Your objective =
Go through the entries below line by line and count those containing "define"; the answer is that count alone.
(Input material Opens)
(* Let $\alpha>0$ and $\Delta=\sqrt{1+\alpha^2}$. Let $\gamma_1(\theta)=(\cos\theta,\sin\theta,0)$ be the unit circle and $\gamma_2(\phi)=(\alpha\cos\phi+\Delta,0,\alpha\sin\phi)$ the circle of radius $\alpha$ in the $xz$-plane centered at $(\Delta,0,0)$. Then their Möbius cross-energy equals $4\pi^2$, i.e. $$2\int_0^{2\pi}\!\!\int_0^{2\pi}\frac{\alpha\,d\theta\,d\phi}{\left(\alpha\cos\theta+\sqrt{1+\alpha^2}-\cos\phi\right)^2+\sin^2\phi+\alpha^2\sin^2\theta}=4\pi^2 .$$
   Context: The Möbius cross-energy of two disjoint closed curves $\gamma_i,\gamma_j$ in $\mathbb R^3$ is taken with the convention that each pair of line elements is counted twice: $E_c=2\int\int \frac{|\dot\gamma_i(u)||\dot\gamma_j(v)|}{|\gamma_i(u)-\gamma_j(v)|^2}\,du\,dv$. *)

theory Defs
  imports "HOL-Analysis.Analysis"
begin

text \<open>Moebius cross-energy of two closed curves parametrised over [0, 2 pi],
  each pair of line elements counted twice.\<close>
definition mobius_cross_energy ::
  "(real \<Rightarrow> real^3) \<Rightarrow> (real \<Rightarrow> real^3) \<Rightarrow> real" where
  "mobius_cross_energy g1 g2 =
     2 * integral (cbox (0, 0) (2 * pi, 2 * pi))
       (\<lambda>(u, v). norm (vector_derivative g1 (at u)) * norm (vector_derivative g2 (at v))
                 / (norm (g1 u - g2 v))\<^sup>2)"

definition circ1 :: "real \<Rightarrow> real^3" where
  "circ1 \<theta> = vector [cos \<theta>, sin \<theta>, 0]"

definition circ2 :: "real \<Rightarrow> real \<Rightarrow> real^3" where
  "circ2 \<alpha> \<phi> = vector [\<alpha> * cos \<phi> + sqrt (1 + \<alpha>\<^sup>2), 0, \<alpha> * sin \<phi>]"

end

theory Submission
  imports Defs
begin

text \<open>With \<open>\<Delta> = sqrt (1 + \<alpha>\<^sup>2)\<close> the squared distance between the points of the two circles
  factors as \<open>2 (\<Delta> + \<alpha> cos \<phi>) (\<Delta> - cos \<theta>)\<close>, so the integrand is a product of a function
  of \<open>\<theta>\<close> and a function of \<open>\<phi>\<close>. Each factor is a rescaled Poisson kernel: the integral of
  \<open>1 / (A + B cos t)\<close> over a period is \<open>2 pi / sqrt (A\<^sup>2 - B\<^sup>2)\<close>, which here gives
  \<open>2 pi / \<alpha>\<close> and \<open>2 pi\<close>.\<close>

lemma affine_cos_pos:
  fixes A B :: real assumes "\<bar>B\<bar> < A"
  shows "A + B * cos t > 0"
proof -
  have "\<bar>B * cos t\<bar> \<le> \<bar>B\<bar>"
    using abs_cos_le_one[of t] by (simp add: abs_mult mult_left_le)
  then show ?thesis
    using assms by linarith
qed

text \<open>Since \<open>1 - r cos t > 0\<close>, this antiderivative of the Poisson kernel is smooth on the
  whole line, unlike the usual one built from \<open>tan (t/2)\<close>.\<close>

lemma has_real_derivative_poisson_antiderivative:
  fixes r :: real assumes "\<bar>r\<bar> < 1"
  shows "((\<lambda>t. t + 2 * arctan (r * sin t / (1 - r * cos t))) has_real_derivative
          (1 - r\<^sup>2) / (1 - 2 * r * cos t + r\<^sup>2)) (at t)"
proof -
  have pos: "1 - r * cos t > 0"
    using affine_cos_pos[of "- r" 1 t] assms by simp
  have denom: "(1 - r * cos t)\<^sup>2 + (r * sin t)\<^sup>2 = 1 - 2 * r * cos t + r\<^sup>2"
    using sin_cos_squared_add[of t] by algebra
  have numer: "r * cos t * (1 - r * cos t) - r * sin t * (r * sin t) = r * cos t - r\<^sup>2"
    using sin_cos_squared_add[of t] by algebra
  have "((\<lambda>t. r * sin t / (1 - r * cos t)) has_real_derivative
          (r * cos t - r\<^sup>2) / (1 - r * cos t)\<^sup>2) (at t)"
    using pos numer by (auto intro!: derivative_eq_intros simp: power2_eq_square mult.commute)
  from DERIV_arctan[THEN DERIV_chain2, OF this]
  have "((\<lambda>t. arctan (r * sin t / (1 - r * cos t))) has_real_derivative
          inverse (1 + (r * sin t / (1 - r * cos t))\<^sup>2) * ((r * cos t - r\<^sup>2) / (1 - r * cos t)\<^sup>2)) (at t)" .
  moreover have "inverse (1 + (y / x)\<^sup>2) * (n / x\<^sup>2) = n / (x\<^sup>2 + y\<^sup>2)"
    if "x \<noteq> 0" for x y n :: real
    using that by (simp add: field_simps)
  ultimately have "((\<lambda>t. arctan (r * sin t / (1 - r * cos t))) has_real_derivative
          (r * cos t - r\<^sup>2) / (1 - 2 * r * cos t + r\<^sup>2)) (at t)"
    using pos by (simp add: denom)
  then have "((\<lambda>t. t + 2 * arctan (r * sin t / (1 - r * cos t))) has_real_derivative
          1 + 2 * ((r * cos t - r\<^sup>2) / (1 - 2 * r * cos t + r\<^sup>2))) (at t)"
    by (rule DERIV_add[OF DERIV_ident DERIV_cmult])
  moreover have "1 - 2 * r * cos t + r\<^sup>2 > 0"
    using pos denom by (metis add_pos_nonneg zero_le_power2 zero_less_power2 less_irrefl)
  ultimately show ?thesis
    by (simp add: field_simps)
qed

lemma has_integral_poisson_kernel:
  fixes r :: real assumes "\<bar>r\<bar> < 1"
  shows "((\<lambda>t. (1 - r\<^sup>2) / (1 - 2 * r * cos t + r\<^sup>2)) has_integral 2 * pi) {0..2 * pi}"
proof -
  have "((\<lambda>t. (1 - r\<^sup>2) / (1 - 2 * r * cos t + r\<^sup>2)) has_integral
          (2 * pi + 2 * arctan (r * sin (2 * pi) / (1 - r * cos (2 * pi))))
          - (0 + 2 * arctan (r * sin 0 / (1 - r * cos 0)))) {0..2 * pi}"
    using has_real_derivative_poisson_antiderivative[OF assms]
    by (intro fundamental_theorem_of_calculus)
       (auto simp: has_real_derivative_iff_has_vector_derivative has_vector_derivative_at_within)
  then show ?thesis
    by simp
qed

lemma has_integral_inverse_affine_cos:
  fixes A B :: real assumes "\<bar>B\<bar> < A"
  shows "((\<lambda>t. 1 / (A + B * cos t)) has_integral 2 * pi / sqrt (A\<^sup>2 - B\<^sup>2)) {0..2 * pi}"
proof -
  define s where "s = sqrt (A\<^sup>2 - B\<^sup>2)"
  \<comment> \<open>the root of \<open>B r\<^sup>2 + 2 A r + B = 0\<close> in the unit disc, making \<open>1 - 2 r cos t + r\<^sup>2\<close>
    proportional to \<open>A + B cos t\<close>\<close>
  define r where "r = - B / (A + s)"
  have "\<bar>B\<bar>\<^sup>2 < A\<^sup>2"
    using assms by (intro power_strict_mono) auto
  then have s2: "s\<^sup>2 = A\<^sup>2 - B\<^sup>2" and "s > 0"
    by (auto simp: s_def)
  have As: "A + s > 0"
    using assms \<open>s > 0\<close> by linarith
  have r: "\<bar>r\<bar> < 1"
    using assms As \<open>s > 0\<close> by (simp add: r_def abs_div abs_less_iff field_simps)
  have "1 / (A + B * cos t) = (1 / s) * ((1 - r\<^sup>2) / (1 - 2 * r * cos t + r\<^sup>2))" for t
  proof -
    have "r * (A + s) = - B"
      using As by (simp add: r_def)
    then have "(A + s)\<^sup>2 * ((1 - r\<^sup>2) * (A + B * cos t) - s * (1 - 2 * r * cos t + r\<^sup>2)) = 0"
      using s2 by algebra
    then have eq: "(1 - r\<^sup>2) * (A + B * cos t) = s * (1 - 2 * r * cos t + r\<^sup>2)"
      using As by simp
    have "A + B * cos t > 0"
      using affine_cos_pos[OF assms] .
    moreover have "1 - r\<^sup>2 > 0"
      using r by (simp add: abs_square_less_1)
    ultimately show ?thesis
      by (simp add: eq[symmetric])
  qed
  then show ?thesis
    using has_integral_mult_right[OF has_integral_poisson_kernel[OF r], of "1 / s"]
    by (simp add: s_def)
qed

lemma integral_cbox_Pair_mult:
  fixes f g :: "real \<Rightarrow> real"
  assumes "continuous_on {a..b} f" and "continuous_on {c..d} g"
  shows "integral (cbox (a, c) (b, d)) (\<lambda>(u, v). f u * g v)
           = integral {a..b} f * integral {c..d} g"
proof -
  have "continuous_on (cbox (a, c) (b, d)) (\<lambda>(u, v). f u * g v)"
    unfolding cbox_Pair_eq case_prod_unfold using assms
    by (intro continuous_intros continuous_on_compose2[OF assms(1)] continuous_on_compose2[OF assms(2)])
       (auto simp: mem_Times_iff)
  then have "integral (cbox (a, c) (b, d)) (\<lambda>(u, v). f u * g v)
               = integral {a..b} (\<lambda>u. integral {c..d} (\<lambda>v. f u * g v))"
    by (simp add: integral_prod_continuous)
  then show ?thesis
    by (simp add: integral_mult_left)
qed

lemma norm_vector3: "norm (vector [x, y, z] :: real^3) = sqrt (x\<^sup>2 + y\<^sup>2 + z\<^sup>2)"
  unfolding norm_eq_sqrt_inner inner_vec_def sum_3 by (simp add: power2_eq_square)

lemma has_vector_derivative_vector3:
  assumes "(f has_real_derivative f') (at t)" "(g has_real_derivative g') (at t)"
    and "(h has_real_derivative h') (at t)"
  shows "((\<lambda>t. vector [f t, g t, h t] :: real^3) has_vector_derivative vector [f', g', h']) (at t)"
proof -
  have decomp: "(vector [x, y, z] :: real^3)
      = x *\<^sub>R vector [1, 0, 0] + y *\<^sub>R vector [0, 1, 0] + z *\<^sub>R vector [0, 0, 1]" for x y z
    by (auto simp: vec_eq_iff forall_3)
  have "(\<lambda>t. vector [f t, g t, h t] :: real^3)
      = (\<lambda>t. f t *\<^sub>R vector [1, 0, 0] + g t *\<^sub>R vector [0, 1, 0] + h t *\<^sub>R vector [0, 0, 1])"
    by (rule ext, rule decomp)
  then show ?thesis
    unfolding decomp[of f' g' h'] using assms
    unfolding has_real_derivative_iff_has_vector_derivative
    by (simp only:)
      (intro has_vector_derivative_add bounded_linear.has_vector_derivative[OF bounded_linear_scaleR_left])
qed

lemma norm_derivative_circ1: "norm (vector_derivative circ1 (at u)) = 1"
proof -
  have "(circ1 has_vector_derivative vector [- sin u, cos u, 0]) (at u)"
    unfolding circ1_def by (rule has_vector_derivative_vector3) (auto intro!: derivative_eq_intros)
  then have "vector_derivative circ1 (at u) = vector [- sin u, cos u, 0]"
    by (rule vector_derivative_at)
  then show ?thesis
    by (simp add: norm_vector3)
qed

lemma norm_derivative_circ2: "norm (vector_derivative (circ2 \<alpha>) (at v)) = \<bar>\<alpha>\<bar>"
proof -
  have "(circ2 \<alpha> has_vector_derivative vector [- \<alpha> * sin v, 0, \<alpha> * cos v]) (at v)"
    unfolding circ2_def by (rule has_vector_derivative_vector3) (auto intro!: derivative_eq_intros)
  then have "vector_derivative (circ2 \<alpha>) (at v) = vector [- \<alpha> * sin v, 0, \<alpha> * cos v]"
    by (rule vector_derivative_at)
  moreover have "(- \<alpha> * sin v)\<^sup>2 + 0\<^sup>2 + (\<alpha> * cos v)\<^sup>2 = \<alpha>\<^sup>2"
    by (simp add: power_mult_distrib algebra_simps flip: distrib_left)
  ultimately show ?thesis
    by (simp add: norm_vector3)
qed

lemma norm_circ1_minus_circ2_squared:
  "(norm (circ1 u - circ2 \<alpha> v))\<^sup>2
     = 2 * (sqrt (1 + \<alpha>\<^sup>2) + \<alpha> * cos v) * (sqrt (1 + \<alpha>\<^sup>2) - cos u)"
proof -
  define \<Delta> where "\<Delta> = sqrt (1 + \<alpha>\<^sup>2)"
  have "\<Delta>\<^sup>2 = 1 + \<alpha>\<^sup>2"
    by (simp add: \<Delta>_def add_pos_nonneg)
  moreover have "circ1 u - circ2 \<alpha> v = vector [cos u - \<alpha> * cos v - \<Delta>, sin u, - \<alpha> * sin v]"
    by (auto simp: vec_eq_iff forall_3 circ1_def circ2_def \<Delta>_def)
  then have "(norm (circ1 u - circ2 \<alpha> v))\<^sup>2
      = (cos u - \<alpha> * cos v - \<Delta>)\<^sup>2 + (sin u)\<^sup>2 + (- \<alpha> * sin v)\<^sup>2"
    by (simp add: norm_vector3 add_nonneg_nonneg)
  ultimately show ?thesis
    unfolding \<Delta>_def[symmetric] power_mult_distrib sin_squared_eq
    by (simp add: power2_eq_square algebra_simps)
qed

theorem mainTheorem2:
  fixes \<alpha> :: real
  assumes "\<alpha> > 0"
  shows "mobius_cross_energy circ1 (circ2 \<alpha>) = 4 * pi\<^sup>2"
proof -
  define \<Delta> where "\<Delta> = sqrt (1 + \<alpha>\<^sup>2)"
  have "\<Delta>\<^sup>2 = 1 + \<alpha>\<^sup>2" "\<alpha> < \<Delta>" "1 < \<Delta>"
    using assms by (auto simp: \<Delta>_def add_pos_nonneg intro!: real_less_rsqrt)
  then have "\<bar>-1\<bar> < \<Delta>" "\<bar>\<alpha>\<bar> < \<Delta>" "sqrt (\<Delta>\<^sup>2 - 1) = \<alpha>" "sqrt (\<Delta>\<^sup>2 - \<alpha>\<^sup>2) = 1"
    using assms by auto
  then have I1: "((\<lambda>u. 1 / (\<Delta> - cos u)) has_integral 2 * pi / \<alpha>) {0..2 * pi}"
    and I2: "((\<lambda>v. 1 / (\<Delta> + \<alpha> * cos v)) has_integral 2 * pi) {0..2 * pi}"
    using has_integral_inverse_affine_cos by fastforce+
  have "integral {0..2 * pi} (\<lambda>u. \<alpha> / 2 * (1 / (\<Delta> - cos u))) = \<alpha> / 2 * (2 * pi / \<alpha>)"
    using has_integral_mult_right[OF I1] by (rule integral_unique)
  then have int_u: "integral {0..2 * pi} (\<lambda>u. \<alpha> / 2 * (1 / (\<Delta> - cos u))) = pi"
    using assms by simp
  have int_v: "integral {0..2 * pi} (\<lambda>v. 1 / (\<Delta> + \<alpha> * cos v)) = 2 * pi"
    using I2 by (rule integral_unique)
  have cont_u: "continuous_on {0..2 * pi} (\<lambda>u. \<alpha> / 2 * (1 / (\<Delta> - cos u)))"
    and cont_v: "continuous_on {0..2 * pi} (\<lambda>v. 1 / (\<Delta> + \<alpha> * cos v))"
    using affine_cos_pos[OF \<open>\<bar>-1\<bar> < \<Delta>\<close>] affine_cos_pos[OF \<open>\<bar>\<alpha>\<bar> < \<Delta>\<close>]
    by (auto intro!: continuous_intros simp: less_imp_neq[symmetric])
  have integrand: "(\<lambda>(u, v). norm (vector_derivative circ1 (at u))
                     * norm (vector_derivative (circ2 \<alpha>) (at v)) / (norm (circ1 u - circ2 \<alpha> v))\<^sup>2)
      = (\<lambda>(u, v). \<alpha> / 2 * (1 / (\<Delta> - cos u)) * (1 / (\<Delta> + \<alpha> * cos v)))"
    using assms
    by (simp add: norm_derivative_circ1 norm_derivative_circ2 norm_circ1_minus_circ2_squared
        \<Delta>_def algebra_simps)
  show ?thesis
    unfolding mobius_cross_energy_def integrand integral_cbox_Pair_mult[OF cont_u cont_v] int_u int_v
    by (simp add: power2_eq_square)
qed

end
(Input material Closes)
Result of the task =
4